-ck hacking: BFS 0.372 test patch

Friday, 1 April 2011

BFS 0.372 test patch

Another day, another BFS test release. This one builds on the ideas in the 0.371-test3 patch I posted about since they're proving very positive. No April fools here. This looks like it's kicking arse.

Apply to a BFS 0.363 patched kernel such as 2.6.38-ck1:

bfs363-372-test.patch

Changelog from the patch:
---
Add a "sticky" flag for one CPU bound task per runqueue which is used to flag
the last cache warm task per CPU. Use this flag to softly affine the task to
the CPU by not allowing it to move to another CPU when a scaling CPU frequency
governor is in use. This significantly improves throughput at lower loads by
allowing tasks to cluster on CPUs, thereby allowing the scaling governor to
speed up only that CPU. This should aslo save power. Use the sticky flag to
determine cache distance in earliest_deadline_task task and abolish the
cache_distance function entirely. This is proven as, if not more, effective.

Add helpers to the 3 scaling governors to tell the scheduler when a CPU is
scaling.

Replace the frequent use of num_online_cpus() with a grq.noc variable that
is only updated when the number of online cpus changes.

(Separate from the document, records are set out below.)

lemma singular_boundary_point_is_critical:
  assumes "norm x0 = R"
    and no_ext: "\<not> (\<exists>\<epsilon>>0. \<exists>g. g holomorphic_on (ball 0 R \<union> ball x0 \<epsilon>) \<and> (\<forall>x\<in>ball 0 R. g x = U x))"
  shows "\<exists>u0 Lu V xs.
    u0 \<noteq> 0 \<and> u0 \<noteq> 1 / of_real b \<and>
    open V \<and> u0 \<in> V \<and> Lu holomorphic_on V \<and> (\<forall>w\<in>V. exp (Lu w) = 1 - of_real b * w) \<and>
    (\<forall>n. xs n \<in> ball 0 R) \<and> xs \<longlonglongrightarrow> x0 \<and> (\<lambda>n. U (xs n)) \<longlonglongrightarrow> u0 \<and> (\<lambda>n. L (xs n)) \<longlonglongrightarrow> Lu u0 \<and>
    (let X = (\<lambda>w. w / (1 + of_real \<gamma> * w * Lu w)) in
       X u0 = x0 \<and> x0 \<noteq> 0 \<and> (X has_field_derivative 0) (at u0))"
proof -
  obtain xs u0 Lu V where xs: "\<And>n. xs n \<in> ball 0 R" "xs \<longlonglongrightarrow> x0" "(\<lambda>n. U (xs n)) \<longlonglongrightarrow> u0"
      "(\<lambda>n. L (xs n)) \<longlonglongrightarrow> Lu u0"
    and u0: "u0 \<noteq> 0" "u0 \<noteq> 1 / of_real b"
    and V: "open V" "u0 \<in> V" and Lu: "Lu holomorphic_on V" "\<And>w. w \<in> V \<Longrightarrow> exp (Lu w) = 1 - of_real b * w"
    and den: "\<And>w. w \<in> V \<Longrightarrow> 1 + of_real \<gamma> * w * Lu w \<noteq> 0" and X: "X_branch \<gamma> Lu u0 = x0"
    by (rule boundary_branch[OF assms(1)], rule that)
  have "x0 \<noteq> 0"
    using assms(1) R_pos by auto
  have "X_branch \<gamma> Lu holomorphic_on V"
    using Lu(1) den by (rule holomorphic_on_X_branch)
  then have "(X_branch \<gamma> Lu has_field_derivative deriv (X_branch \<gamma> Lu) u0) (at u0)"
    using V by (rule holomorphic_derivI)
  moreover have "deriv (X_branch \<gamma> Lu) u0 = 0"
  proof (rule ccontr)
    assume "deriv (X_branch \<gamma> Lu) u0 \<noteq> 0"
    from extends_across_regular_point[OF xs V Lu den X this] no_ext show False
      by contradiction
  qed
  ultimately have "(X_branch \<gamma> Lu has_field_derivative 0) (at u0)"
    by simp
  then show ?thesis
    unfolding Let_def X_branch_def[symmetric] using xs u0 V Lu X \<open>x0 \<noteq> 0\<close>
    by (intro exI[of _ u0] exI[of _ Lu] exI[of _ V] exI[of _ xs] conjI ballI allI) simp_all
qed

end

theorem proposition6p4:
  fixes \<gamma> b :: real and u :: "complex \<Rightarrow> complex"
  assumes "\<gamma> > 0" and "0 < b" and "b < 1"
    and "is_sol_germ \<gamma> b u"
  shows "\<exists>U L.
     U holomorphic_on edisc (analytic_radius u) \<and>
     (\<exists>\<delta>>0. \<forall>x\<in>ball 0 \<delta>. U x = u x) \<and>
     L holomorphic_on edisc (analytic_radius u) \<and> L 0 = 0 \<and>
     (\<forall>x\<in>edisc (analytic_radius u).
        1 - of_real b * U x \<noteq> 0 \<and>
        exp (L x) = 1 - of_real b * U x \<and>
        x = U x / (1 + of_real \<gamma> * U x * L x)) \<and>
     (analytic_radius u < \<infinity> \<longrightarrow>
       (\<forall>x0. ereal (cmod x0) = analytic_radius u \<and>
          \<not> (\<exists>\<epsilon>>0. \<exists>g. g holomorphic_on (edisc (analytic_radius u) \<union> ball x0 \<epsilon>) \<and>
                (\<forall>x\<in>edisc (analytic_radius u). g x = U x))
        \<longrightarrow>
          (\<exists>u0 Lu V xs.
             u0 \<noteq> 0 \<and> u0 \<noteq> 1 / of_real b \<and>
             open V \<and> u0 \<in> V \<and> Lu holomorphic_on V \<and>
             (\<forall>w\<in>V. exp (Lu w) = 1 - of_real b * w) \<and>
             (\<forall>n. xs n \<in> edisc (analytic_radius u)) \<and>
             xs \<longlonglongrightarrow> x0 \<and> (\<lambda>n. U (xs n)) \<longlonglongrightarrow> u0 \<and>
             (\<lambda>n. L (xs n)) \<longlonglongrightarrow> Lu u0 \<and>
             (let X = (\<lambda>w. w / (1 + of_real \<gamma> * w * Lu w)) in
                X u0 = x0 \<and> x0 \<noteq> 0 \<and> (X has_field_derivative 0) (at u0)))))"
proof -
  have "\<gamma> \<noteq> 0"
    using assms(1) by simp
  then obtain U L where pos: "analytic_radius u > 0" and U: "continues_germ u (edisc (analytic_radius u)) U"
    and L: "L holomorphic_on edisc (analytic_radius u)" "L 0 = 0"
    and sol: "log_solution \<gamma> b (edisc (analytic_radius u)) U L"
    using assms(4) by (rule solution_on_analytic_disc)
  note pointwise = log_solution_pointwise[OF sol]
  show ?thesis
  proof (cases "analytic_radius u")
    case (real R)
    interpret disc_log_solution \<gamma> b R U L
      using assms(1,2) real pos U L(1) sol
      by unfold_locales (auto simp: edisc_ereal continues_germ_def)
    show ?thesis
      unfolding real edisc_ereal
      by (rule exI[of _ U], rule exI[of _ L], intro conjI impI allI; (elim conjE)?;
          (rule singular_boundary_point_is_critical)?)
        (use U L pointwise in \<open>auto simp: real edisc_ereal continues_germ_def\<close>)
  qed (use U L pointwise pos in \<open>auto simp: continues_germ_def\<close>)
qed

end
(* Let $E/F$ be an unramified quadratic extension of nonarchimedean local fields of characteristic $0$ and $\beta\in\mathrm{GL}_n(E)$ skew-Hermitian. Let $\gamma\in\mathrm{GL}_n(E)$ be normal and Kottwitz with $\bar\gamma\gamma$ regular semisimple, and let $\zeta\in\mathrm{GL}_n(E)$ be Kottwitz with respect to $\beta$. Then: (1) if $g\in\mathrm{GL}_n(E)$ and $g^{-1}\bar\gamma\gamma g\in\mathrm{GL}_n(\mathcal{O}_E)$, then $g^{-1}\gamma g\in\mathrm{GL}_n(\mathcal{O}_E)$; (2) if $g\in\mathrm{GL}_n(E)$ and $g^{-1}\gamma\bar g\in\mathrm{GL}_n(\mathcal{O}_E)$, then $g\in\mathrm{GL}_n(F)\mathrm{GL}_n(\mathcal{O}_E)$; (3) if $h\in\mathrm{U}_n^\beta(F)$ and $h^{-1}(\beta^{-1}\zeta^*\beta\zeta)h\in\mathrm{GL}_n(\mathcal{O}_E)$, then $h^{-1}\zeta h\in\mathrm{GL}_n(\mathcal{O}_E)$.
   Context: $x\mapsto\bar x$ is the nontrivial automorphism of $E/F$ (applied entrywise), $g^*={}^t\bar g$; skew-Hermitian means $\beta^*=-\beta$, and $\mathrm{U}_n^\beta(F)=\{h\in\mathrm{GL}_n(E):h^*\beta h=\beta\}$. $\gamma$ is normal if $\bar\gamma\gamma\in\mathrm{GL}_n(F)$. $\gamma$ is Kottwitz if either $\gamma=c_{n-1}(\bar\gamma\gamma)^{n-1}+\dots+c_0$ for some $c_i\in\mathcal{O}_E$, or there is no $g\in\mathrm{GL}_n(E)$ with $g^{-1}\bar\gamma\gamma g\in\mathrm{GL}_n(\mathcal{O}_E)$. $\zeta$ is Kottwitz with respect to $\beta$ if either $\zeta=c_{n-1}(\beta^{-1}\zeta^*\beta\zeta)^{n-1}+\dots+c_0$ for some $c_i\in\mathcal{O}_E$, or there is no $h\in\mathrm{U}_n^\beta(F)$ with $h^{-1}(\beta^{-1}\zeta^*\beta\zeta)h\in\mathrm{GL}_n(\mathcal{O}_E)$. *)

theory Defs
  imports "Jordan_Normal_Form.Matrix" "Jordan_Normal_Form.Char_Poly"
    "HOL-Computational_Algebra.Polynomial"
begin
lemma centralizer_sym:
  "A \<subseteq> carrier G \<Longrightarrow> B \<subseteq> carrier G \<Longrightarrow> B \<subseteq> centralizer G A \<longleftrightarrow> A \<subseteq> centralizer G B"
  unfolding centralizer_def subset_iff mem_Collect_eq by (metis (full_types))

lemma conj_set_centralizer:
  assumes g: "g \<in> centralizer G A" and A: "A \<subseteq> carrier G"
  shows "conj_set G g A = A"
proof -
  have "g \<otimes> a \<otimes> inv g = a" if a: "a \<in> A" for a
  proof -
    have c: "g \<in> carrier G" "a \<in> carrier G" using g a A unfolding centralizer_def by auto
    have "g \<otimes> a \<otimes> inv g = a \<otimes> g \<otimes> inv g" using g a unfolding centralizer_def by auto
    also have "\<dots> = a" using c by (simp add: m_assoc)
    finally show ?thesis .
  qed
  then show ?thesis unfolding conj_set_def by simp
qed

lemma centralizer_subset_normalizer:
  assumes "A \<subseteq> carrier G"
  shows "centralizer G A \<subseteq> normalizer G A"
proof
  fix g assume g: "g \<in> centralizer G A"
  then have "g \<in> carrier G" unfolding centralizer_def by simp
  then show "g \<in> normalizer G A"
    using normalizer_iff[OF assms] conj_set_centralizer[OF g assms] by simp
qed

lemma central_imp_normal:
  assumes H: "subgroup H G" and central: "centralizer G H = carrier G"
  shows "H \<lhd> G"
proof -
  have "normalizer G H = carrier G"
  proof (rule equalityI)
    show "normalizer G H \<subseteq> carrier G"
      using subgroup.subset[OF normalizer_imp_subgroup[OF subgroup.subset[OF H]]] .
    show "carrier G \<subseteq> normalizer G H"
      using centralizer_subset_normalizer[OF subgroup.subset[OF H]] central by simp
  qed
  then show ?thesis using normalizer_eq_carrier_iff_normal[OF H] by simp
qed

lemma set_mult_subset_left: "subgroup H G \<Longrightarrow> subgroup K G \<Longrightarrow> H \<subseteq> H <#> K"
  unfolding set_mult_def by (force intro: subgroup.one_closed dest: subgroup.mem_carrier)

lemma set_mult_subset_right: "subgroup H G \<Longrightarrow> subgroup K G \<Longrightarrow> K \<subseteq> H <#> K"
  unfolding set_mult_def by (force intro: subgroup.one_closed dest: subgroup.mem_carrier)
(* Let $G$ be a graph, $X\subseteq V(G)$ a set such that $F := G-X$ is a pseudoforest, and $k$ an integer. If $G$ has an independent set of size at least $k$, then $G$ has an independent set $I$ with $|I|\ge k$ that contains no unnecessary triple, i.e. there is no unnecessary triple ${}_3X\subseteq X$ with ${}_3X \subseteq I$.
   Context: All graphs are finite, simple and undirected; a pseudoforest is a graph each of whose connected components contains at most one cycle. An anchor triangle is a connected component $P$ of $F=G-X$ with $V(P)=\{p_1,p_2,p_3\}$ such that there are vertices $x_1,x_2,x_3\in X$ with $N_G(p_1)=\{p_2,p_3,x_1\}$, $N_G(p_2)=\{p_1,p_3,x_2\}$, $N_G(p_3)=\{p_1,p_2,x_3\}$. A triple (3-element set) ${}_3X\subseteq X$ is unnecessary if there exists an anchor triangle $P$ with $N_G(V(P)) = {}_3X$, where $N_G(S)$ denotes the set of vertices outside $S$ adjacent to some vertex of $S$. *)

theory Defs
  imports Main
begin

definition graph :: "'a set \<Rightarrow> ('a \<Rightarrow> 'a \<Rightarrow> bool) \<Rightarrow> bool" where
  "graph V E \<longleftrightarrow> finite V \<and> (\<forall>x y. E x y \<longrightarrow> x \<in> V \<and> y \<in> V)
     \<and> (\<forall>x y. E x y \<longrightarrow> E y x) \<and> (\<forall>x. \<not> E x x)"

definition nbhd :: "('a \<Rightarrow> 'a \<Rightarrow> bool) \<Rightarrow> 'a \<Rightarrow> 'a set" where
  "nbhd E v = {u. E v u}"

definition set_nbhd :: "('a \<Rightarrow> 'a \<Rightarrow> bool) \<Rightarrow> 'a set \<Rightarrow> 'a set" where
  "set_nbhd E S = {u. u \<notin> S \<and> (\<exists>v\<in>S. E v u)}"

definition induced :: "('a \<Rightarrow> 'a \<Rightarrow> bool) \<Rightarrow> 'a set \<Rightarrow> 'a \<Rightarrow> 'a \<Rightarrow> bool" where
  "induced E W = (\<lambda>x y. x \<in> W \<and> y \<in> W \<and> E x y)"

definition components :: "'a set \<Rightarrow> ('a \<Rightarrow> 'a \<Rightarrow> bool) \<Rightarrow> 'a set set" where
  "components W E = (\<lambda>v. {u \<in> W. (induced E W)\<^sup>*\<^sup>* v u}) ` W"

definition is_cycle :: "'a set \<Rightarrow> ('a \<Rightarrow> 'a \<Rightarrow> bool) \<Rightarrow> 'a list \<Rightarrow> bool" where
  "is_cycle C E cs \<longleftrightarrow> length cs \<ge> 3 \<and> distinct cs \<and> set cs \<subseteq> C
     \<and> (\<forall>i < length cs. E (cs ! i) (cs ! ((i + 1) mod length cs)))"

definition cycle_edges :: "'a list \<Rightarrow> 'a set set" where
  "cycle_edges cs = {{cs ! i, cs ! ((i + 1) mod length cs)} | i. i < length cs}"

text \<open>Pseudoforest: every connected component contains at most one cycle
(cycles identified by their edge sets).\<close>
definition pseudoforest :: "'a set \<Rightarrow> ('a \<Rightarrow> 'a \<Rightarrow> bool) \<Rightarrow> bool" where
  "pseudoforest W E \<longleftrightarrow> (\<forall>C \<in> components W E. \<forall>cs ds.
      is_cycle C E cs \<and> is_cycle C E ds \<longrightarrow> cycle_edges cs = cycle_edges ds)"

definition anchor_triangle ::
  "'a set \<Rightarrow> ('a \<Rightarrow> 'a \<Rightarrow> bool) \<Rightarrow> 'a set \<Rightarrow> 'a set \<Rightarrow> bool" where
  "anchor_triangle V E X P \<longleftrightarrow> P \<in> components (V - X) E \<and>
     (\<exists>p1 p2 p3 x1 x2 x3. P = {p1, p2, p3} \<and> p1 \<noteq> p2 \<and> p1 \<noteq> p3 \<and> p2 \<noteq> p3 \<and>
        x1 \<in> X \<and> x2 \<in> X \<and> x3 \<in> X \<and>
        nbhd E p1 = {p2, p3, x1} \<and> nbhd E p2 = {p1, p3, x2} \<and> nbhd E p3 = {p1, p2, x3})"

definition unnecessary_triple ::
  "'a set \<Rightarrow> ('a \<Rightarrow> 'a \<Rightarrow> bool) \<Rightarrow> 'a set \<Rightarrow> 'a set \<Rightarrow> bool" where
  "unnecessary_triple V E X T \<longleftrightarrow> T \<subseteq> X \<and> card T = 3 \<and>
     (\<exists>P. anchor_triangle V E X P \<and> set_nbhd E P = T)"

definition independent_set :: "'a set \<Rightarrow> ('a \<Rightarrow> 'a \<Rightarrow> bool) \<Rightarrow> 'a set \<Rightarrow> bool" where
  "independent_set V E I \<longleftrightarrow> I \<subseteq> V \<and> (\<forall>x\<in>I. \<forall>y\<in>I. \<not> E x y)"

end

theory Submission
  imports Defs
begin

text \<open>Among the independent sets of size at least k choose one, I, meeting X in as few
vertices as possible. If I contained the neighbourhood of an anchor triangle
{p1, p2, p3}, then p2 and p3 would be excluded by their neighbours in X, so the only
neighbour of p1 in I would be its anchor x1 \<in> X; exchanging x1 for p1 keeps I
independent and of the same size but meets X in one vertex fewer.\<close>

lemma independent_set_exchange:
  assumes "graph V E" "independent_set V E I" "p \<in> V" "nbhd E p \<inter> I \<subseteq> {x}"
  shows "independent_set V E (insert p (I - {x}))"
proof -
  have no_edge_p: "\<not> E p v" if "v \<in> insert p (I - {x})" for v
    using that assms(1,4) unfolding graph_def nbhd_def by auto
  show ?thesis
    using assms(2,3) no_edge_p assms(1)
    unfolding independent_set_def graph_def by blast
qed

lemma card_exchange:
  assumes "finite I" "x \<in> I" "p \<notin> I"
  shows "card (insert p (I - {x})) = card I"
  using assms by (metis DiffD1 card_Suc_Diff1 card_insert_disjoint finite_Diff)

lemma anchor_triangle_private_neighbour:
  assumes "anchor_triangle V E X P" "independent_set V E I" "set_nbhd E P \<subseteq> I"
  obtains p x where "p \<in> V - X" "p \<notin> I" "x \<in> X" "nbhd E p \<inter> I = {x}"
proof -
  obtain p1 p2 p3 x1 x2 x3 where P: "P = {p1, p2, p3}" and x: "x1 \<in> X" "x2 \<in> X" "x3 \<in> X"
    and n1: "nbhd E p1 = {p2, p3, x1}" and n2: "nbhd E p2 = {p1, p3, x2}"
    and n3: "nbhd E p3 = {p1, p2, x3}" and comp: "P \<in> components (V - X) E"
    using assms(1) unfolding anchor_triangle_def by blast
  have "P \<subseteq> V - X"
    using comp unfolding components_def by auto
  then have anchors_in_I: "x1 \<in> I" "x2 \<in> I" "x3 \<in> I"
    using assms(3) x n1 n2 n3 P unfolding set_nbhd_def nbhd_def by auto
  have edges: "E p1 x1" "E p2 x2" "E p3 x3"
    using n1 n2 n3 unfolding nbhd_def by auto
  have "p1 \<notin> I" "p2 \<notin> I" "p3 \<notin> I"
    using assms(2) anchors_in_I edges unfolding independent_set_def by blast+
  then have "nbhd E p1 \<inter> I = {x1}"
    using n1 anchors_in_I by auto
  then show thesis
    using that \<open>P \<subseteq> V - X\<close> P \<open>p1 \<notin> I\<close> x(1) by blast
qed

lemma anchor_triangle_exchange:
  assumes "graph V E" "independent_set V E I" "anchor_triangle V E X P" "set_nbhd E P \<subseteq> I"
  obtains J where "independent_set V E J" "card J = card I" "card (J \<inter> X) < card (I \<inter> X)"
proof -
  have "finite I"
    using assms(1,2) finite_subset unfolding independent_set_def graph_def by blast
  obtain p x where p: "p \<in> V - X" "p \<notin> I" and x: "x \<in> X" "nbhd E p \<inter> I = {x}"
    using anchor_triangle_private_neighbour[OF assms(3,2,4)] by blast
  then have "x \<in> I" by blast
  define J where "J = insert p (I - {x})"
  have "independent_set V E J"
    using independent_set_exchange[OF assms(1,2)] p x(2) unfolding J_def by blast
  moreover have "card J = card I"
    using card_exchange[OF \<open>finite I\<close> \<open>x \<in> I\<close> p(2)] unfolding J_def .
  moreover have "J \<inter> X = I \<inter> X - {x}"
    using p unfolding J_def by blast
  then have "card (J \<inter> X) < card (I \<inter> X)"
    using \<open>finite I\<close> \<open>x \<in> I\<close> x(1) by (metis IntI card_Diff1_less finite_Int)
  ultimately show thesis
    using that by blast
qed

theorem lemma2:
  fixes V :: "'a set" and E :: "'a \<Rightarrow> 'a \<Rightarrow> bool" and X :: "'a set" and k :: int
  assumes "graph V E"
    and "X \<subseteq> V"
    and "pseudoforest (V - X) E"
    and "\<exists>I. independent_set V E I \<and> int (card I) \<ge> k"
  shows "\<exists>I. independent_set V E I \<and> int (card I) \<ge> k \<and>
           \<not> (\<exists>T. unnecessary_triple V E X T \<and> T \<subseteq> I)"
proof -
  define Q where "Q I \<longleftrightarrow> independent_set V E I \<and> int (card I) \<ge> k" for I
  define I where "I = arg_min (\<lambda>I. card (I \<inter> X)) Q"
  have QI: "Q I" and min: "\<And>J. Q J \<Longrightarrow> card (I \<inter> X) \<le> card (J \<inter> X)"
    using arg_min_nat_lemma[of Q _ "\<lambda>I. card (I \<inter> X)"] assms(4) unfolding I_def Q_def by blast+
  have "\<not> set_nbhd E P \<subseteq> I" if anchor: "anchor_triangle V E X P" for P
  proof
    assume "set_nbhd E P \<subseteq> I"
    then obtain J where "Q J" "card (J \<inter> X) < card (I \<inter> X)"
      using anchor_triangle_exchange[OF assms(1) _ anchor] QI unfolding Q_def by (metis (no_types))
    then show False
      using min leD by blast
  qed
  then show ?thesis
    using QI unfolding Q_def unnecessary_triple_def by blast
qed

end
definition sorted_eigenvalues :: "nat \<Rightarrow> (nat \<Rightarrow> nat \<Rightarrow> real) \<Rightarrow> (nat \<Rightarrow> real) \<Rightarrow> bool" where
  "sorted_eigenvalues d A lam \<longleftrightarrow>
     (\<exists>U :: nat \<Rightarrow> nat \<Rightarrow> real.
        (\<forall>k<d. U k \<in> vecs d \<and> mulv d A (U k) = (\<lambda>i. lam k * U k i)) \<and>
        (\<forall>k<d. \<forall>l<d. ip d (U k) (U l) = (if k = l then 1 else 0))) \<and>
     (\<forall>k l. k \<le> l \<and> l < d \<longrightarrow> lam l \<le> lam k)"

definition self_aligned :: "nat \<Rightarrow> (nat \<Rightarrow> nat \<Rightarrow> real) \<Rightarrow> nat set \<Rightarrow> (nat \<Rightarrow> real) \<Rightarrow> bool" where
  "self_aligned d q S v \<longleftrightarrow>
     (\<forall>i\<in>S. \<forall>j\<in>S. ip d (q i) (q j) \<ge> 0) \<and> (\<forall>i\<in>S. ip d (q i) v \<ge> 0)"

text \<open>Preference dynamics driven by the index sequence \<omega> (q_t = q (\<omega> t)):
  p_{t+1} = normalize (p_t + eta/(t+s) (p_t^T q_t) q_t).\<close>
primrec pref :: "nat \<Rightarrow> (nat \<Rightarrow> nat \<Rightarrow> real) \<Rightarrow> (nat \<Rightarrow> real) \<Rightarrow> nat \<Rightarrow> nat \<Rightarrow> (nat \<Rightarrow> nat)
                  \<Rightarrow> nat \<Rightarrow> (nat \<Rightarrow> real)" where
  "pref d q p0 \<eta> s \<omega> 0 = p0"
| "pref d q p0 \<eta> s \<omega> (Suc t) =
     (let p = pref d q p0 \<eta> s \<omega> t;
          qt = q (\<omega> t);
          pt = (\<lambda>i. p i + (real \<eta> / (real t + real s)) * ip d p qt * qt i)
      in (\<lambda>i. pt i / vnorm d pt))"
(* The permutation representation $\alpha_{H_n^n}$ of $S_n\times S_n$ is isomorphic to the regular representation of $S_n\times S_n$.
   Context: Permutations are composed as functions, and $\pi\in S_n$ is identified with the $n\times n$ permutation matrix whose $(i,j)$ entry is $1$ iff $i=\pi(j)$. For $A\in GL_n(\mathbb{Z}_2)$ let $\eta(A)$ (resp. $\theta(A)$) be the partition obtained by sorting the row sums (resp. column sums) of $A$, computed as integers, in weakly decreasing order. $H_n^n=\{A\in GL_n(\mathbb{Z}_2)\mid \eta(A)=\theta(A)=(n,n-1,\dots,2,1)\}$. The group $S_n\times S_n$ acts on $H_n^n$ by $(\pi,\sigma)\bullet A=\pi A\sigma^{-1}$, and $\alpha_{H_n^n}$ denotes the associated complex permutation representation (on the vector space with basis $H_n^n$). *)

theory Defs
  imports Complex_Main "HOL-Combinatorics.Permutations"
begin

text \<open>An n x n matrix over Z_2 is a function nat => nat => bool (True = 1),
  required to vanish outside the index range {0..<n} x {0..<n}.\<close>

definition mats :: "nat \<Rightarrow> (nat \<Rightarrow> nat \<Rightarrow> bool) set" where
  "mats n = {A. \<forall>i j. (n \<le> i \<or> n \<le> j) \<longrightarrow> \<not> A i j}"

definition mmult :: "nat \<Rightarrow> (nat \<Rightarrow> nat \<Rightarrow> bool) \<Rightarrow> (nat \<Rightarrow> nat \<Rightarrow> bool) \<Rightarrow> (nat \<Rightarrow> nat \<Rightarrow> bool)" where
  "mmult n A B = (\<lambda>i j. odd (card {k. k < n \<and> A i k \<and> B k j}))"
(* Let $T$ be a finite tree and let $T'=KC(T,x,y)$ be a KC-transform of $T$. Then for every integer $\ell\ge 1$, the number of walks of length $\ell$ in $T'$ is at least the number of walks of length $\ell$ in $T$.
   Context: KC-transformation: let $x,y$ be two vertices of a tree $T$ such that every interior vertex of the unique $x$–$y$ path $P$ in $T$ has degree two in $T$, and let $z$ be the neighbour of $y$ on $P$. Writing $\Gamma(v)$ for the set of neighbours of $v$, the KC-transform $KC(T,x,y)$ is the tree obtained from $T$ by deleting all edges between $y$ and $\Gamma(y)\setminus\{z\}$ and adding the edges between $x$ and $\Gamma(y)\setminus\{z\}$ instead. A walk of length $\ell$ is a sequence of vertices $v_0,v_1,\dots,v_\ell$ with $v_{i-1}v_i$ an edge for each $i$ (not necessarily closed). *)

theory Defs
  imports Main
begin

definition simple_graph :: "'a set \<Rightarrow> 'a set set \<Rightarrow> bool" where
  "simple_graph V E \<longleftrightarrow> finite V \<and>
     (\<forall>e\<in>E. \<exists>u v. e = {u, v} \<and> u \<noteq> v \<and> u \<in> V \<and> v \<in> V)"

definition neighbours :: "'a set set \<Rightarrow> 'a \<Rightarrow> 'a set" where
  "neighbours E v = {w. {v, w} \<in> E}"

definition degree :: "'a set set \<Rightarrow> 'a \<Rightarrow> nat" where
  "degree E v = card (neighbours E v)"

Simplify resched_best_idle by removing the open coded for_each_cpu_mask as
it was not of proven benefit.

Remove warnings in try_to_wakeup_local that are harmless or never hit.

Clear the cpuidle_map bit only when edt doesn't return the idle task.

Abolish the scaled rr_interval by number of CPUs and now just use a fixed
nominal 6ms everywhere. The improved cache warmth of the sticky flag makes
this unnecessary and allows us to lower overall latencies on SMP by doing so.
---

Please test this one thoroughly. It's very stable and now heavily tested, but I won't announce any new "release" till it's been tested for maybe 5 days or more. It appears better in all workloads and with and without cpu frequency governors. Again, only SMP will benefit from this patch, but it should change behaviour in all SMP now, not just with ondemand. However, the scaling governors should show the most improvement.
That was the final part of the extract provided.